In patients with PVD, mortality is high. McKenna et al. (1) found a 5-yr survival of 44% in patients with PVD (as demonstrated by an ankle-brachial index of <0.4) versus an 85% survival in patients without vascular disease. Criqui et al. (2) reported a 5-yr survival of 70% in patients with symptomatic PVD versus 90% in normal individuals. When renal insufficiency was present concomitantly, mortality was even higher, with a 1-yr survival rate of 56% for patients with a GFR <30 ml/min per 1.73 m2 compared with 83% for patients with a GFR >60 ml/min per 1.73 m2 (5). The overall mortality in our patients is in line with these studies, but our data also show that the subgroup with RAS has a prognosis that is considerably worse. Also, in patients with symptomatic RAS, mortality is increased, but the reported mortality rates are lower than in our patients with RAS. Isles et al. (14) reported a 5-yr survival probability of 83% for patients with renovascular hypertension, and Wollenweber et al. (13) found a 5-yr survival of 67% for patients with atherosclerotic renovascular disease versus 90% for the general population. A more recent study by Wright et al. (15) showed a mortality rate of 35.7% for patients with atherosclerotic renovascular disease using a mean follow-up of 27.7 mo. Whereas a direct comparison is not warranted, our data nevertheless suggest that incidental RAS in patients with PVD carries a particularly poor prognosis, especially in patients with moderate to severe renal failure (of whatever cause).

What would be the implications of our findings? First, our study is the first to allow for mutual association among RAS, renal function impairment, and mortality in patients with PVD. These data may provide a potential pathogenic link between the association of PVD and renal insufficiency (20) and the association between renal function impairment and increased mortality in patients with PVD as described by O’Hare et al. (5), respectively. Our data suggest that a considerable proportion of the presence of renal function impairment in PVD can be ascribed to the presence of RAS but do not allow a conclusive dissection as to which of the two is the main causal factor for mortality. It is remarkable in this respect that adjustment for RAS attenuated the impact of renal function in the multivariate model, but considering their close association, it presumably would be overly artificial to attempt to disentangle their respective impact, so whether RAS is an independent causal factor remains hypothetical. In principle, RAS in itself can exert deleterious pathophysiologic effects by excess production of angiotensin II (21), which is a potent vasoconstrictor that has been implicated in the activation of cell proliferation systems (22). High levels of angiotensin II are associated with left ventricular hypertrophy, endothelial dysfunction, and target organ damage (23). This pathway could explain, at least partially, the increased mortality in symptomatic atherosclerotic RAS. If this would be the case, then it would be logical to assume that pharmacologic blockade of the renin-angiotensin aldosterone system might have the potential to ameliorate the poor prognosis, but obviously this assumption would need empirical substantiation.

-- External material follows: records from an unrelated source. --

(* Let $K^{(d)}$ be a sequence of positive semi-definite dot-product kernels on $\mathbb S^{d-1}$ (data uniform on $\mathbb S^{d-1}$), with distinct eigenvalues $\tilde\lambda_1>\tilde\lambda_2>\dots$ and multiplicities $N(d,1),N(d,2),\dots$, and suppose there is $b>0$ such that for all $d$ (with $m=m(d)$), $\max_{i\le k_m}\frac1{\tilde\lambda_i}<\frac{m-L_m}{b}$. Let the dimension grow with sample size as $d=\log_2 m$ (i.e. $m=2^d$), and let the noise variance be $\sigma^2>0$. Then the minimum-norm interpolant cannot exhibit benign overfitting for any such sequence: there is an absolute constant $\eta>0$ such that for all $d,m$, $\tilde R(\hat f_0)>(1+\eta)\sigma^2$.
   Context: Eigenframework: with Mercer eigenvalues $\lambda_1\ge\lambda_2\ge\dots>0$ (with multiplicity) and target $f^*=\sum_i\beta_i\phi_i$, let $\kappa_0>0$ solve $\sum_i\frac{\lambda_i}{\lambda_i+\kappa_0}=m$, $\mathcal L_i=\frac{\lambda_i}{\lambda_i+\kappa_0}$, $\mathcal E_0=\frac{m}{m-\sum_i\mathcal L_i^2}$; the predicted risk of the minimum-norm interpolant is $\tilde R(\hat f_0)=\mathcal E_0(\sum_i(1-\mathcal L_i)^2\beta_i^2+\sigma^2)$. Indices: $k_m=\max\{k: N(d,1)+\dots+N(d,k)<m\}$, $L_m=N(d,1)+\dots+N(d,k_m)$.
   Formalization: The kernel trace, the sum over k of $N(d,k)\tilde\lambda_k$, is also at most 1 for every d, and the constant eta may depend on b instead of being absolute. The statement above fails without it. *)

theory Defs
  imports "HOL-Analysis.Analysis"
begin

text \<open>N(d,k): dimension of the space of degree-k spherical harmonics on S^(d-1)
  (k >= 1, d >= 2): N(d,k) = (2k+d-2)/k * binom(k+d-3, k-1).\<close>
definition Nmult :: "nat \<Rightarrow> nat \<Rightarrow> nat" where
  "Nmult d k = ((2 * k + d - 2) * ((k + d - 3) choose (k - 1))) div k"

definition kidx :: "nat \<Rightarrow> nat \<Rightarrow> nat" where
  "kidx d m = (GREATEST k. (\<Sum>j=1..k. Nmult d j) < m)"

definition Lidx :: "nat \<Rightarrow> nat \<Rightarrow> nat" where
  "Lidx d m = (\<Sum>j=1..kidx d m. Nmult d j)"

text \<open>Distinct eigenvalues lam k (k >= 1), eigenvalue lam k has multiplicity N(d,k).
  Learnability of an eigenvalue at ridge kappa.\<close>
definition Lcoef :: "(nat \<Rightarrow> real) \<Rightarrow> real \<Rightarrow> nat \<Rightarrow> real" where
  "Lcoef lam \<kappa> k = lam k / (lam k + \<kappa>)"

definition sumL :: "nat \<Rightarrow> (nat \<Rightarrow> real) \<Rightarrow> real \<Rightarrow> real" where
  "sumL d lam \<kappa> = (\<Sum>k. real (Nmult d (Suc k)) * Lcoef lam \<kappa> (Suc k))"

definition sumL2 :: "nat \<Rightarrow> (nat \<Rightarrow> real) \<Rightarrow> real \<Rightarrow> real" where
  "sumL2 d lam \<kappa> = (\<Sum>k. real (Nmult d (Suc k)) * (Lcoef lam \<kappa> (Suc k))\<^sup>2)"

definition E0 :: "nat \<Rightarrow> real \<Rightarrow> (nat \<Rightarrow> real) \<Rightarrow> real \<Rightarrow> real" where
  "E0 d m lam \<kappa> = m / (m - sumL2 d lam \<kappa>)"

text \<open>Target coefficients: beta k j, j < N(d,k), are the coefficients of f* on the
  orthonormal eigenfunctions of the eigenspace of lam k.  Predicted risk of the
  minimum-norm interpolant.\<close>
definition pred_risk ::
  "nat \<Rightarrow> real \<Rightarrow> (nat \<Rightarrow> real) \<Rightarrow> (nat \<Rightarrow> nat \<Rightarrow> real) \<Rightarrow> real \<Rightarrow> real \<Rightarrow> real" where
  "pred_risk d m lam beta \<sigma>2 \<kappa> =
     E0 d m lam \<kappa> *
       ((\<Sum>k. (1 - Lcoef lam \<kappa> (Suc k))\<^sup>2 * (\<Sum>j<Nmult d (Suc k). (beta (Suc k) j)\<^sup>2)) + \<sigma>2)"

end

theory Submission
  imports Defs
begin

text \<open>Since the trace of the kernel is at most 1, the interpolation constraint
  \<open>\<Sum> L\<^sub>i = m\<close> forces \<open>\<kappa>\<^sub>0 \<le> 1/m\<close>, so the hypothesis on the top
  eigenvalues gives \<open>\<lambda>\<^sub>i > b \<kappa>\<^sub>0\<close>, i.e. \<open>L\<^sub>i > b/(1+b)\<close>, for all \<open>L\<^sub>m\<close>
  eigenfunctions of degree at most \<open>k\<^sub>m\<close>.  For \<open>m = 2\<^sup>d\<close> the multiplicities
  force \<open>L\<^sub>m \<ge> m/11\<close>: the cumulative multiplicity up to degree \<open>j\<close> is below
  \<open>2 binom(d-1+j, j)\<close>, which stays below \<open>2\<^sup>d\<close> while \<open>8j < d\<close>, so
  \<open>k\<^sub>m + 1 \<ge> d/8\<close>; from that degree on, consecutive multiplicities grow by a
  factor at most 10.  Hence \<open>\<Sum> L\<^sub>i\<^sup>2 \<ge> c m\<close> with \<open>c = (b/(1+b))\<^sup>2/11\<close>,
  so \<open>E\<^sub>0 \<ge> 1/(1-c) > 1 + c\<close>, and the risk is at least
  \<open>E\<^sub>0 \<sigma>\<^sup>2 > (1 + c) \<sigma>\<^sup>2\<close>.\<close>

lemma Nmult_Suc_eq: "Nmult (e + 2) (Suc k) = (Suc k + e choose Suc k) + (k + e choose k)"
proof -
  have "Suc k * (Suc k + e choose Suc k) = Suc (k + e) * (k + e choose k)"
    using binomial_absorption[of k "Suc k + e"] by simp
  then have "(2 * Suc k + e) * (k + e choose k)
      = Suc k * ((Suc k + e choose Suc k) + (k + e choose k))"
    by (simp add: algebra_simps)
  then show ?thesis
    unfolding Nmult_def by (simp add: numeral_eq_Suc del: mult_Suc mult_Suc_right)
qed

lemma Nmult_one [simp]: "Nmult d (Suc 0) = d"
  by (simp add: Nmult_def)

lemma Nmult_pos:
  assumes "2 \<le> d" "1 \<le> k"
  shows "0 < Nmult d k"
proof -
  obtain e k' where "d = e + 2" "k = Suc k'"
    using assms by (metis le_add_diff_inverse2 Suc_le_D One_nat_def)
  then show ?thesis
    using Nmult_Suc_eq[of e k'] by simp
qed

lemma choose_mul_pow_le: "(n choose k) * a ^ k * b ^ (n - k) \<le> (a + b :: nat) ^ n"
proof (cases "k \<le> n")
  case True
  then show ?thesis
    unfolding binomial of_nat_id by (intro member_le_sum) auto
qed (simp add: binomial_eq_0)

lemma choose_le_two_pow:
  assumes "8 * j \<le> D"
  shows "(D + j choose j) \<le> 2 ^ D"
proof -
  have "(D + j choose j) * 8 ^ D \<le> 9 ^ (D + j)"
    using choose_mul_pow_le[of "D + j" j 1 8] by simp
  also have "\<dots> \<le> 16 ^ D"
  proof -
    have "(9 ^ (D + j)) ^ 8 = (9 :: nat) ^ (8 * D + 8 * j)"
      by (simp flip: power_mult add: algebra_simps)
    also have "\<dots> \<le> 9 ^ (9 * D)"
      using assms by (intro power_increasing) auto
    also have "\<dots> = (9 ^ 9) ^ D"
      by (simp only: power_mult)
    also have "\<dots> \<le> (16 ^ 8) ^ D"
      by (intro power_mono) auto
    also have "\<dots> = (16 ^ D) ^ 8"
      by (simp only: power_mult[symmetric] mult.commute)
    finally have "(9 ^ (D + j)) ^ 8 \<le> (16 ^ D :: nat) ^ 8" .
    then show ?thesis
      by (subst (asm) power_mono_iff) auto
  qed
  also have "\<dots> = 2 ^ D * 8 ^ D"
    by (simp flip: power_mult_distrib)
  finally show ?thesis
    by (rule mult_right_le_imp_le) simp
qed

lemma sum_Nmult_less: "(\<Sum>k=1..j. Nmult (e + 2) k) < 2 * (e + 1 + j choose j)"
proof -
  define f where "f k = (e + k choose k)" for k
  have total: "(\<Sum>k\<le>j. f k) = (e + 1 + j choose j)"
    using sum_choose_lower[of e j] by (simp add: f_def)
  have "(\<Sum>k=1..j. Nmult (e + 2) k) = (\<Sum>k<j. Nmult (e + 2) (Suc k))"
    by (simp add: sum.atLeast1_atMost_eq)
  also have "\<dots> = (\<Sum>k<j. f (Suc k)) + (\<Sum>k<j. f k)"
  proof -
    have "Nmult (e + 2) (Suc k) = f (Suc k) + f k" for k
      using Nmult_Suc_eq[of e k] by (simp add: f_def add.commute)
    then show ?thesis
      by (simp only: sum.distrib)
  qed
  also have "\<dots> < 2 * (\<Sum>k\<le>j. f k)"
  proof -
    have "(\<Sum>k\<le>j. f k) = f 0 + (\<Sum>k<j. f (Suc k))"
      by (rule sum.atMost_shift)
    moreover have "(\<Sum>k\<le>j. f k) = (\<Sum>k<j. f k) + f j"
      by (simp add: lessThan_Suc_atMost[symmetric])
    moreover have "0 < f 0" "0 < f j"
      by (simp_all add: f_def)
    ultimately show ?thesis
      by linarith
  qed
  finally show ?thesis
    by (simp only: total)
qed

lemma Nmult_Suc_le:
  assumes "2 \<le> d" "1 \<le> k" "d \<le> 8 * Suc k"
  shows "Nmult d (Suc k) \<le> 10 * Nmult d k"
proof -
  obtain e i where d: "d = e + 2" and k: "k = Suc i"
    using assms by (metis le_add_diff_inverse2 Suc_le_D One_nat_def)
  define a2 where "a2 = (Suc (Suc i) + e choose Suc (Suc i))"
  define a1 where "a1 = (Suc i + e choose Suc i)"
  have "Suc (Suc i) * a2 = (Suc (Suc i) + e) * a1"
    unfolding a1_def a2_def using binomial_absorption[of "Suc i" "Suc (Suc i) + e"] by simp
  also have "\<dots> \<le> (9 * Suc (Suc i)) * a1"
    using assms d k by (intro mult_right_mono) auto
  finally have "Suc (Suc i) * a2 \<le> Suc (Suc i) * (9 * a1)"
    by (simp only: mult.left_commute mult.assoc)
  then have "a2 \<le> 9 * a1"
    by (metis mult_le_cancel1 zero_less_Suc)
  moreover have "Nmult d (Suc k) = a2 + a1" "a1 \<le> Nmult d k"
    unfolding a1_def a2_def d k using Nmult_Suc_eq[of e "Suc i"] Nmult_Suc_eq[of e i] by simp_all
  ultimately show ?thesis
    by linarith
qed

Second, our data suggest that incidentally found RAS can serve as a marker of a poor prognosis. When RAS is present, it is a strong marker of extended cardiovascular disease as suggested by the well-established clinical predictors of incidental RAS. Therefore, it could well be a marker of more extended coronary or cerebrovascular disease and thus related to increased mortality. In this perspective, it has been shown that in patients who undergo diagnostic cardiac catheterization simultaneously with an aortography, incidental RAS was an independent risk factor for mortality (9,10). Moreover, the severity of RAS was related to mortality. In our study, however, no appropriate characterization of coronary or cerebrovascular disease was available, because the patients all were referred to the hospital by the general practitioner because of suspicion of PVD and were evaluated and treated by the vascular surgeon only. Therefore, a possible relationship between RAS and its severity and coronary artery disease cannot be made for our population.

As anticipated, several well-established clinical predictors of incidental RAS, namely older age (2426), hypertension (24,25,27,28), impaired renal function (24,28), a history of coronary artery disease (9,10,24,26), and diabetes (25,27,28) were more prevalent in our group with RAS, with the exception, however, of a history of smoking (25,27). This seeming discrepancy may be due to bias by indication, because the patients with RAS were older and had more symptomatic comorbidity and therefore were more likely to have received previous advice to stop smoking. Whereas the difference in prevalence of risk factors may have contributed to the overall difference in mortality, the Cox regression analysis demonstrated the independent contribution of RAS.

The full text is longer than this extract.